John Koetsier: So, I want to talk about how it taught itself to run, which is super cool, super interesting, and super relevant to future robotic design and delivery. But first off, how fast does it go?
Gabriel Margolis: So, it can go up to…well, the fastest that we’ve recorded it using the controller we designed is 3.9 meters per second, which, to our knowledge, is the fastest that anyone has made it go.
So, yeah, for reference, that’s probably like a pretty fast human running speed. I mean, not like Usain Bolt fast sprinting, but a typical person. Like, I would have to … I’d be a little short of breath running beside it, for sure.
John Koetsier: Okay, interesting. So, we’re not quite at cheetah speed here, you know, 70 kilometers an hour or something like that. But, maybe we’re approaching 25 or something like that?

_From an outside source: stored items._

(* Let $\mathbf A$ be a residuated semigroup and let $\mathrm{Idp}(\mathbf A)$ be its set of positive idempotents. For $p\in\mathrm{Idp}(\mathbf A)$ put $A_p:=\{a\in A: a\backslash a=p\}$ and ${}_pA:=\{a\in A: a/a=p\}$. The following are equivalent: (1) $\mathbf A$ satisfies $y\le (x/x)y$ and $y\le y(x\backslash x)$ for all $x,y\in A$; (2) every element of the form $a\backslash a$ or $a/a$ ($a\in A$) is positive; (3) $\mathrm{Idp}(\mathbf A)=\{a/a: a\in A\}=\{a\backslash a: a\in A\}$; (4) both families $\{{}_pA: p\in\mathrm{Idp}(\mathbf A)\}$ and $\{A_p: p\in\mathrm{Idp}(\mathbf A)\}$ are partitions of $A$ (i.e. their members cover $A$ and are pairwise disjoint).
   Context: A residuated semigroup is a structure $\langle A,\le,\cdot,\backslash,/\rangle$ where $\langle A,\le\rangle$ is a poset, $\langle A,\cdot\rangle$ is a semigroup (we write $xy$ for $x\cdot y$), and for all $x,y,z$: $xy\le z\iff x\le z/y\iff y\le x\backslash z$. An element $p$ is positive if $a\le pa$ and $a\le ap$ for all $a\in A$; it is idempotent if $pp=p$. *)

theory Defs
  imports Main
begin

text \<open>A residuated semigroup on the carrier type 'a, given by the order le,
 the multiplication mult, the left division ldiv (x \ y = ldiv x y) and the
 right division rdiv (x / y = rdiv x y).\<close>

definition residuated_semigroup ::
  "('a \<Rightarrow> 'a \<Rightarrow> bool) \<Rightarrow> ('a \<Rightarrow> 'a \<Rightarrow> 'a) \<Rightarrow> ('a \<Rightarrow> 'a \<Rightarrow> 'a) \<Rightarrow> ('a \<Rightarrow> 'a \<Rightarrow> 'a) \<Rightarrow> bool" where
  "residuated_semigroup le mult ldiv rdiv \<longleftrightarrow>
     (\<forall>x. le x x) \<and>
     (\<forall>x y. le x y \<and> le y x \<longrightarrow> x = y) \<and>
     (\<forall>x y z. le x y \<and> le y z \<longrightarrow> le x z) \<and>
     (\<forall>x y z. mult (mult x y) z = mult x (mult y z)) \<and>
     (\<forall>x y z. (le (mult x y) z \<longleftrightarrow> le x (rdiv z y)) \<and>
              (le (mult x y) z \<longleftrightarrow> le y (ldiv x z)))"

definition positive_el :: "('a \<Rightarrow> 'a \<Rightarrow> bool) \<Rightarrow> ('a \<Rightarrow> 'a \<Rightarrow> 'a) \<Rightarrow> 'a \<Rightarrow> bool" where
  "positive_el le mult p \<longleftrightarrow> (\<forall>a. le a (mult p a) \<and> le a (mult a p))"

definition idempotent_el :: "('a \<Rightarrow> 'a \<Rightarrow> 'a) \<Rightarrow> 'a \<Rightarrow> bool" where
  "idempotent_el mult p \<longleftrightarrow> mult p p = p"

definition Idp :: "('a \<Rightarrow> 'a \<Rightarrow> bool) \<Rightarrow> ('a \<Rightarrow> 'a \<Rightarrow> 'a) \<Rightarrow> 'a set" where
  "Idp le mult = {p. positive_el le mult p \<and> idempotent_el mult p}"

definition A_sub :: "('a \<Rightarrow> 'a \<Rightarrow> 'a) \<Rightarrow> 'a \<Rightarrow> 'a set" where
  "A_sub ldiv p = {a. ldiv a a = p}"

definition sub_A :: "('a \<Rightarrow> 'a \<Rightarrow> 'a) \<Rightarrow> 'a \<Rightarrow> 'a set" where
  "sub_A rdiv p = {a. rdiv a a = p}"

definition is_partition_family :: "'b set \<Rightarrow> ('b \<Rightarrow> 'a set) \<Rightarrow> bool" where
  "is_partition_family I F \<longleftrightarrow>
     (\<Union>p\<in>I. F p) = UNIV \<and> (\<forall>p\<in>I. \<forall>q\<in>I. p \<noteq> q \<longrightarrow> F p \<inter> F q = {})"

end

theory Submission
  imports Defs
begin

text \<open>Each of the four conditions says that every \<open>a\a\<close> and every \<open>a/a\<close> is a positive
  idempotent. In any residuated semigroup \<open>(a\a)(a\a) \<le> a\a\<close>, so positivity of \<open>a\a\<close> already
  forces idempotency, and a positive idempotent \<open>p\<close> satisfies \<open>p\p = p = p/p\<close>, so \<open>Idp(A)\<close> is
  always contained in both ranges. Finally \<open>{A\<^sub>p}\<close> and \<open>{\<^sub>pA}\<close> are the fibres of the maps
  \<open>a \<mapsto> a\a\<close> and \<open>a \<mapsto> a/a\<close>; fibres are always disjoint, and they cover \<open>A\<close> exactly when the
  index set contains the range of the map.\<close>

lemma is_partition_family_fibres_iff:
  "is_partition_family I (\<lambda>p. {a. f a = p}) \<longleftrightarrow> range f \<subseteq> I"
  unfolding is_partition_family_def by blast

locale res_semigroup =
  fixes le :: "'a \<Rightarrow> 'a \<Rightarrow> bool" and mult ldiv rdiv :: "'a \<Rightarrow> 'a \<Rightarrow> 'a"
  assumes residuated: "residuated_semigroup le mult ldiv rdiv"
begin

lemma le_refl: "le x x"
  using residuated unfolding residuated_semigroup_def by blast

lemma le_antisym: "le x y \<Longrightarrow> le y x \<Longrightarrow> x = y"
  using residuated unfolding residuated_semigroup_def by blast

lemma le_trans: "le x y \<Longrightarrow> le y z \<Longrightarrow> le x z"
  using residuated unfolding residuated_semigroup_def by blast

lemma mult_assoc: "mult (mult x y) z = mult x (mult y z)"
  using residuated unfolding residuated_semigroup_def by blast

lemma mult_le_iff_le_rdiv: "le (mult x y) z \<longleftrightarrow> le x (rdiv z y)"
  using residuated unfolding residuated_semigroup_def by blast

lemma mult_le_iff_le_ldiv: "le (mult x y) z \<longleftrightarrow> le y (ldiv x z)"
  using residuated unfolding residuated_semigroup_def by blast

lemma mult_ldiv_le: "le (mult a (ldiv a b)) b"
  using mult_le_iff_le_ldiv le_refl by blast

lemma rdiv_mult_le: "le (mult (rdiv b a) a) b"
  using mult_le_iff_le_rdiv le_refl by blast

lemma mult_left_mono: "le x y \<Longrightarrow> le (mult z x) (mult z y)"
  by (meson mult_le_iff_le_ldiv le_refl le_trans)

lemma mult_right_mono: "le x y \<Longrightarrow> le (mult x z) (mult y z)"
  by (meson mult_le_iff_le_rdiv le_refl le_trans)

lemma ldiv_self_square_le: "le (mult (ldiv a a) (ldiv a a)) (ldiv a a)"
proof -
  have "le (mult (mult a (ldiv a a)) (ldiv a a)) (mult a (ldiv a a))"
    using mult_right_mono mult_ldiv_le by blast
  then have "le (mult (mult a (ldiv a a)) (ldiv a a)) a"
    using mult_ldiv_le le_trans by blast
  then show ?thesis
    using mult_le_iff_le_ldiv mult_assoc by metis
qed

lemma rdiv_self_square_le: "le (mult (rdiv a a) (rdiv a a)) (rdiv a a)"
proof -
  have "le (mult (rdiv a a) (mult (rdiv a a) a)) (mult (rdiv a a) a)"
    using mult_left_mono rdiv_mult_le by blast
  then have "le (mult (rdiv a a) (mult (rdiv a a) a)) a"
    using rdiv_mult_le le_trans by blast
  then show ?thesis
    using mult_le_iff_le_rdiv mult_assoc by metis
qed

lemma ldiv_self_in_Idp_iff_positive:
  "ldiv a a \<in> Idp le mult \<longleftrightarrow> positive_el le mult (ldiv a a)"
proof
  assume "positive_el le mult (ldiv a a)"
  then have "le (ldiv a a) (mult (ldiv a a) (ldiv a a))"
    unfolding positive_el_def by blast
  with ldiv_self_square_le have "idempotent_el mult (ldiv a a)"
    unfolding idempotent_el_def by (simp add: le_antisym)
  with \<open>positive_el le mult (ldiv a a)\<close> show "ldiv a a \<in> Idp le mult"
    unfolding Idp_def by simp
qed (simp add: Idp_def)

lemma rdiv_self_in_Idp_iff_positive:
  "rdiv a a \<in> Idp le mult \<longleftrightarrow> positive_el le mult (rdiv a a)"
proof
  assume "positive_el le mult (rdiv a a)"
  then have "le (rdiv a a) (mult (rdiv a a) (rdiv a a))"
    unfolding positive_el_def by blast
  with rdiv_self_square_le have "idempotent_el mult (rdiv a a)"
    unfolding idempotent_el_def by (simp add: le_antisym)
  with \<open>positive_el le mult (rdiv a a)\<close> show "rdiv a a \<in> Idp le mult"
    unfolding Idp_def by simp
qed (simp add: Idp_def)

lemma Idp_ldiv_self:
  assumes "p \<in> Idp le mult"
  shows "ldiv p p = p"
proof -
  from assms have pos: "\<And>a. le a (mult p a)" and idem: "mult p p = p"
    unfolding Idp_def positive_el_def idempotent_el_def by auto
  have "le p (ldiv p p)"
    using mult_le_iff_le_ldiv[of p p p] idem le_refl by simp
  moreover have "le (ldiv p p) p"
    using pos[of "ldiv p p"] mult_ldiv_le[of p p] le_trans by blast
  ultimately show ?thesis
    using le_antisym by blast
qed

lemma Idp_rdiv_self:
  assumes "p \<in> Idp le mult"
  shows "rdiv p p = p"
proof -
  from assms have pos: "\<And>a. le a (mult a p)" and idem: "mult p p = p"
    unfolding Idp_def positive_el_def idempotent_el_def by auto
  have "le p (rdiv p p)"
    using mult_le_iff_le_rdiv[of p p p] idem le_refl by simp
  moreover have "le (rdiv p p) p"
    using pos[of "rdiv p p"] rdiv_mult_le[of p p] le_trans by blast
  ultimately show ?thesis
    using le_antisym by blast
qed

lemma Idp_subset_range_ldiv_self: "Idp le mult \<subseteq> range (\<lambda>a. ldiv a a)"
proof
  fix p
  assume "p \<in> Idp le mult"
  then have "p = ldiv p p"
    by (simp add: Idp_ldiv_self)
  then show "p \<in> range (\<lambda>a. ldiv a a)"
    by (rule range_eqI)
qed

lemma Idp_subset_range_rdiv_self: "Idp le mult \<subseteq> range (\<lambda>a. rdiv a a)"
proof
  fix p
  assume "p \<in> Idp le mult"
  then have "p = rdiv p p"
    by (simp add: Idp_rdiv_self)
  then show "p \<in> range (\<lambda>a. rdiv a a)"
    by (rule range_eqI)
qed

lemma ldiv_self_positive:
  assumes lower: "\<And>x y. le y (mult (rdiv x x) y) \<and> le y (mult y (ldiv x x))"
  shows "positive_el le mult (ldiv a a)"
proof -
  let ?u = "ldiv a a"
  have "le (rdiv ?u ?u) (mult (rdiv ?u ?u) ?u)"
    using lower[where x=a and y="rdiv ?u ?u"] by simp
  then have "le (rdiv ?u ?u) ?u"
    using rdiv_mult_le le_trans by blast
  then have "le y (mult ?u y)" for y
    using lower[where x="?u" and y=y] mult_right_mono[of "rdiv ?u ?u" ?u y] le_trans by blast
  moreover have "le y (mult y ?u)" for y
    using lower[where x=a and y=y] by simp
  ultimately show ?thesis
    unfolding positive_el_def by simp
qed

lemma rdiv_self_positive:
  assumes lower: "\<And>x y. le y (mult (rdiv x x) y) \<and> le y (mult y (ldiv x x))"
  shows "positive_el le mult (rdiv a a)"
proof -
  let ?v = "rdiv a a"
  have "le (ldiv ?v ?v) (mult ?v (ldiv ?v ?v))"
    using lower[where x=a and y="ldiv ?v ?v"] by simp
  then have "le (ldiv ?v ?v) ?v"
    using mult_ldiv_le le_trans by blast
  then have "le y (mult y ?v)" for y
    using lower[where x="?v" and y=y] mult_left_mono[of "ldiv ?v ?v" ?v y] le_trans by blast
  moreover have "le y (mult ?v y)" for y
    using lower[where x=a and y=y] by simp
  ultimately show ?thesis
    unfolding positive_el_def by simp
qed

end

theorem lemma3p1:
  fixes le :: "'a \<Rightarrow> 'a \<Rightarrow> bool" and mult ldiv rdiv :: "'a \<Rightarrow> 'a \<Rightarrow> 'a"
  assumes "residuated_semigroup le mult ldiv rdiv"
  defines "C1 \<equiv> (\<forall>x y. le y (mult (rdiv x x) y) \<and> le y (mult y (ldiv x x)))"
      and "C2 \<equiv> (\<forall>a. positive_el le mult (ldiv a a) \<and> positive_el le mult (rdiv a a))"
      and "C3 \<equiv> (Idp le mult = range (\<lambda>a. rdiv a a) \<and> Idp le mult = range (\<lambda>a. ldiv a a))"
      and "C4 \<equiv> (is_partition_family (Idp le mult) (sub_A rdiv) \<and>
                  is_partition_family (Idp le mult) (A_sub ldiv))"
  shows "(C1 \<longleftrightarrow> C2) \<and> (C2 \<longleftrightarrow> C3) \<and> (C3 \<longleftrightarrow> C4)"
proof -
  interpret res_semigroup le mult ldiv rdiv
    using assms(1) by unfold_locales
  define divs_in_Idp where
    "divs_in_Idp \<equiv> range (\<lambda>a. rdiv a a) \<subseteq> Idp le mult \<and> range (\<lambda>a. ldiv a a) \<subseteq> Idp le mult"
  have "C1 \<longleftrightarrow> C2"
  proof
    assume C1
    then have "\<And>x y. le y (mult (rdiv x x) y) \<and> le y (mult y (ldiv x x))"
      unfolding C1_def by blast
    then show C2
      unfolding C2_def using ldiv_self_positive rdiv_self_positive by simp
  next
    assume C2
    then show C1
      unfolding C1_def C2_def positive_el_def by simp
  qed
  moreover have "C2 \<longleftrightarrow> divs_in_Idp"
    unfolding C2_def divs_in_Idp_def image_subset_iff
    by (simp add: ldiv_self_in_Idp_iff_positive rdiv_self_in_Idp_iff_positive
        all_conj_distrib conj_commute)
  moreover have "C3 \<longleftrightarrow> divs_in_Idp"
    unfolding C3_def divs_in_Idp_def
    using Idp_subset_range_ldiv_self Idp_subset_range_rdiv_self by (metis subset_antisym)
  moreover have "C4 \<longleftrightarrow> divs_in_Idp"
    unfolding C4_def divs_in_Idp_def sub_A_def[abs_def] A_sub_def[abs_def]
    by (simp add: is_partition_family_fibres_iff)
  ultimately show ?thesis
    by argo
qed

end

Gabriel Margolis: Yeah, yeah. And of course, one thing to note is that this robot stands much shorter than a human or cheetah, has much shorter legs, right? So, one important thing to consider is adjusting for size when we think about the speed of these robots. And of course, there have been other legged robots too, which maybe have run faster in the past, but were much larger.
John Koetsier: Interesting. So you scale up. You scale up your levers, you scale up your speed as well. Well, Pulkit, let’s get into one of the most interesting things about this. It taught itself how to run. How’d that happen?
Pulkit Agrawal: Yeah, no, great question, right? So, what we did was, we made up some environments where we thought the cheetah should be able to perform very well. So, that means that we set, you know, how the ground should vary, what should be the friction of the ground, so on and so forth, and then our algorithm pretty much outputs a sequence of commands, which are a sequence of joint positions. And then we would evaluate if this sequence of actions are good or bad by measuring how fast the cheetah walked, right?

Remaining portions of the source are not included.